After reviewing Dustin Diaz’s “JavaScript Cache Provider,” I was unsatisfied with the interface. It required the caller to explicitly state the desire for local storage, as well as remember whether each key stored a string or an object.
I created a simpler interface. Callers can store an object in the cache with only a key and value, and retrieve that value with only the key. By default it uses local storage, if available.

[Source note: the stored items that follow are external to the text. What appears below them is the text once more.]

lemma weighted_moment_le_rho_Fp_distr:
  fixes M :: "'a measure" and X Z :: "'a \<Rightarrow> real"
  assumes M: "prob_space M" and X[measurable]: "X \<in> borel_measurable M"
    and Z[measurable]: "Z \<in> borel_measurable M"
    and Z_unit: "\<And>\<omega>. \<omega> \<in> space M \<Longrightarrow> 0 \<le> Z \<omega> \<and> Z \<omega> \<le> 1" and Z_mean: "(\<integral>\<omega>. Z \<omega> \<partial>M) \<le> xi"
    and p: "p > 0" and moment: "integrable M (\<lambda>\<omega>. \<bar>X \<omega> - mu\<bar> powr p)"
  shows "(\<integral>\<omega>. \<bar>X \<omega> - mu\<bar> powr p * Z \<omega> \<partial>M)
           \<le> (rho_Fp (distr M borel X) mu p xi * nu_law (distr M borel X) mu p) powr p"
proof -
  let ?F = "distr M borel X"
  define J where "J = distr M (borel \<Otimes>\<^sub>M borel) (\<lambda>\<omega>. (X \<omega>, Z \<omega>))"
  note F = law_distr_borel[OF M X moment]
  have J: "admissible_coupling ?F xi J"
    unfolding J_def using M X Z Z_unit Z_mean by (rule admissible_coupling_distr)
  have "(\<lambda>\<omega>. (X \<omega>, Z \<omega>)) \<in> M \<rightarrow>\<^sub>M borel \<Otimes>\<^sub>M borel"
    by measurable
  then have "(\<integral>\<omega>. \<bar>X \<omega> - mu\<bar> powr p * Z \<omega> \<partial>M) = (\<integral>w. \<bar>fst w - mu\<bar> powr p * snd w \<partial>J)"
    unfolding J_def by (subst integral_distr) auto
  also have "\<dots> = ((\<integral>w. \<bar>fst w - mu\<bar> powr p * snd w \<partial>J) powr (1 / p)) powr p"
    using admissible_coupling_weighted_moment(2)[OF F(1,2) p F(3) J] p by (simp add: powr_powr)
  also have "\<dots> \<le> (rho_Fp ?F mu p xi * nu_law ?F mu p) powr p"
    using weighted_moment_le_rho_Fp[OF F(1,2) p F(3) J] p by (intro powr_mono2) auto
  finally show ?thesis .
qed

lemma measure_deviation_le_rho_Fp:
  fixes M :: "'a measure" and X :: "'a \<Rightarrow> real"
  assumes M: "prob_space M" and X[measurable]: "X \<in> borel_measurable M"
    and p: "p > 0" and r: "r > 0"
    and moment: "integrable M (\<lambda>\<omega>. \<bar>X \<omega> - mu\<bar> powr p)"
  shows "measure M {\<omega> \<in> space M. \<bar>X \<omega> - mu\<bar> > r * nu_law (distr M borel X) mu p}
           \<le> rho_Fp (distr M borel X) mu p (r powr (- p)) powr p / r powr p"
proof -
  interpret prob_space M by (rule M)
  define nu where "nu = nu_law (distr M borel X) mu p"
  define rho where "rho = rho_Fp (distr M borel X) mu p (r powr (- p))"
  define A where "A = {\<omega> \<in> space M. \<bar>X \<omega> - mu\<bar> > r * nu}"
  note F = law_distr_borel[OF M X moment]
  have A_sets[measurable]: "A \<in> sets M"
    unfolding A_def by measurable
  have nu_nonneg: "nu \<ge> 0"
    by (simp add: nu_def nu_law_def)
  have nu_powr: "nu powr p = (\<integral>\<omega>. \<bar>X \<omega> - mu\<bar> powr p \<partial>M)"
    using p by (simp add: nu_def nu_law_distr[OF X] powr_powr integral_nonneg)
  have int_A: "integrable M (\<lambda>\<omega>. \<bar>X \<omega> - mu\<bar> powr p * indicator A \<omega>)"
    using A_sets moment by (rule integrable_real_mult_indicator)
  have Markov: "(r * nu) powr p * prob A \<le> (\<integral>\<omega>. \<bar>X \<omega> - mu\<bar> powr p * indicator A \<omega> \<partial>M)"
    unfolding A_def using r nu_nonneg by (intro Markov_inequality_centered_moment M X p moment) simp
  have "prob A \<le> rho powr p / r powr p"
  proof (cases "nu > 0")
    case False
    then have "AE \<omega> in M. \<bar>X \<omega> - mu\<bar> powr p = 0"
      using integral_nonneg_eq_0_iff_AE[OF moment] nu_powr p nu_nonneg by simp
    then have "prob A = 0"
      unfolding A_def using False nu_nonneg by (intro prob_eq_0_AE) (auto elim: eventually_mono)
    then show ?thesis
      by simp
  next
    case True
    have "(r * nu) powr p * prob A \<le> nu powr p"
      using Markov integral_mono[OF int_A moment] nu_powr
      by (auto simp: indicator_def intro: order_trans)
    then have "prob A \<le> r powr (- p)"
      using r True by (simp add: powr_mult powr_minus field_simps)
    then have "(\<integral>\<omega>. \<bar>X \<omega> - mu\<bar> powr p * indicator A \<omega> \<partial>M) \<le> (rho * nu) powr p"
      unfolding rho_def nu_def
      by (intro weighted_moment_le_rho_Fp_distr[OF M X _ _ _ p moment]) auto
    with Markov have "(r powr p * prob A) * nu powr p \<le> rho powr p * nu powr p"
      using r nu_nonneg rho_Fp_nonneg[OF F(1,2) p F(3), of "r powr (- p)"]
      by (simp add: rho_def powr_mult mult_ac)
    then have "r powr p * prob A \<le> rho powr p"
      using True by simp
    then show ?thesis
      using r by (simp add: pos_le_divide_eq mult.commute)
  qed
  then show ?thesis
    unfolding A_def nu_def rho_def .
qed

theorem proposition2p1:
  fixes M :: "'a measure" and X :: "'a \<Rightarrow> real" and p :: real
  assumes "prob_space M"
    and "X \<in> borel_measurable M"
    and "integrable M X"
    and "p \<ge> 1"
    and "integrable M (\<lambda>\<omega>. \<bar>X \<omega> - (\<integral>\<omega>. X \<omega> \<partial>M)\<bar> powr p)"
  shows "(\<forall>xi>0. 0 \<le> rho_Fp (distr M borel X) (\<integral>\<omega>. X \<omega> \<partial>M) p xi
                  \<and> rho_Fp (distr M borel X) (\<integral>\<omega>. X \<omega> \<partial>M) p xi \<le> 1)
       \<and> (rho_Fp (distr M borel X) (\<integral>\<omega>. X \<omega> \<partial>M) p \<longlongrightarrow> 0) (at_right 0)
       \<and> (\<forall>r>0. measure M {\<omega> \<in> space M. \<bar>X \<omega> - (\<integral>\<omega>. X \<omega> \<partial>M)\<bar>
                  > r * (\<integral>\<omega>. \<bar>X \<omega> - (\<integral>\<omega>. X \<omega> \<partial>M)\<bar> powr p \<partial>M) powr (1 / p)}
              \<le> rho_Fp (distr M borel X) (\<integral>\<omega>. X \<omega> \<partial>M) p (r powr (- p)) powr p / r powr p)
       \<and> (\<forall>q kappa. q > p \<and> kappa \<ge> 0
            \<and> integrable M (\<lambda>\<omega>. \<bar>X \<omega> - (\<integral>\<omega>. X \<omega> \<partial>M)\<bar> powr q)
            \<and> (\<integral>\<omega>. \<bar>X \<omega> - (\<integral>\<omega>. X \<omega> \<partial>M)\<bar> powr q \<partial>M) powr (1 / q)
                \<le> kappa * (\<integral>\<omega>. \<bar>X \<omega> - (\<integral>\<omega>. X \<omega> \<partial>M)\<bar> powr p \<partial>M) powr (1 / p)
            \<longrightarrow> (\<forall>xi>0. rho_Fp (distr M borel X) (\<integral>\<omega>. X \<omega> \<partial>M) p xi
                          \<le> kappa * xi powr (1 / p - 1 / q)))"
proof -
  let ?F = "distr M borel X" and ?mu = "\<integral>\<omega>. X \<omega> \<partial>M"
  have p: "p > 0"
    using assms(4) by simp
  note F = law_distr_borel[OF assms(1,2,5)]
  note nu = nu_law_distr[OF assms(2), symmetric]
  have rho_le_powr: "rho_Fp ?F ?mu p xi \<le> kappa * xi powr (1 / p - 1 / q)"
    if "q > p" "kappa \<ge> 0" "integrable M (\<lambda>\<omega>. \<bar>X \<omega> - ?mu\<bar> powr q)"
      "(\<integral>\<omega>. \<bar>X \<omega> - ?mu\<bar> powr q \<partial>M) powr (1 / q) \<le> kappa * (\<integral>\<omega>. \<bar>X \<omega> - ?mu\<bar> powr p \<partial>M) powr (1 / p)"
      "xi > 0" for q kappa xi
    using rho_Fp_le_powr[OF F(1,2) p F(3)] that assms(2)
    by (simp add: nu integrable_distr_centered_moment)
  show ?thesis
    using rho_Fp_nonneg[OF F(1,2) p F(3)] rho_Fp_le_one[OF F(1,2) p F(3)]
      rho_Fp_tendsto_zero[OF F(1,2) p F(3)] measure_deviation_le_rho_Fp[OF assms(1,2) p _ assms(5)]
      rho_le_powr
    by (simp add: nu less_imp_le)
qed
end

The constructor function takes an optional parameter, so that every call to the CacheStorage instance will either use local storage, or not
[js]
/**
* {Boolean} useLocalStorageIfAvailable - optional, defaults to true. The CacheProvider object will
* use the HTML5 localStorage object, if available
*/
function CacheProvider(useLocalStorageIfAvailable) {
// values will be stored here
this._cache = {};
this._useLocalStorage = 'undefined' == typeof(useLocalStorageIfAvailable) ? true : useLocalStorageIfAvailable;
}
[/js]
Usage is much simpler. For getting an object from cache, just pass the key. CacheProvider will determine whether the saved item was a string or object, all under the covers. To save an item to the cache, just pass in the key and value.
[js]
var cache = new CacheProvider();
// a complex object to test object caching
var obj1 = {
dogs: [
'fido',
'rufus'
],
owner: {
name: 'arod'
}
};
cache.set('key1', obj1);
var obj2 = cache.get('key1');
console.log(obj2);
cache.set('key2', 'asdfasdfasdfd');
var obj3 = cache.get('key2');
console.log(obj3);
cache.clear('key1');
cache.clear('key2');
[/js]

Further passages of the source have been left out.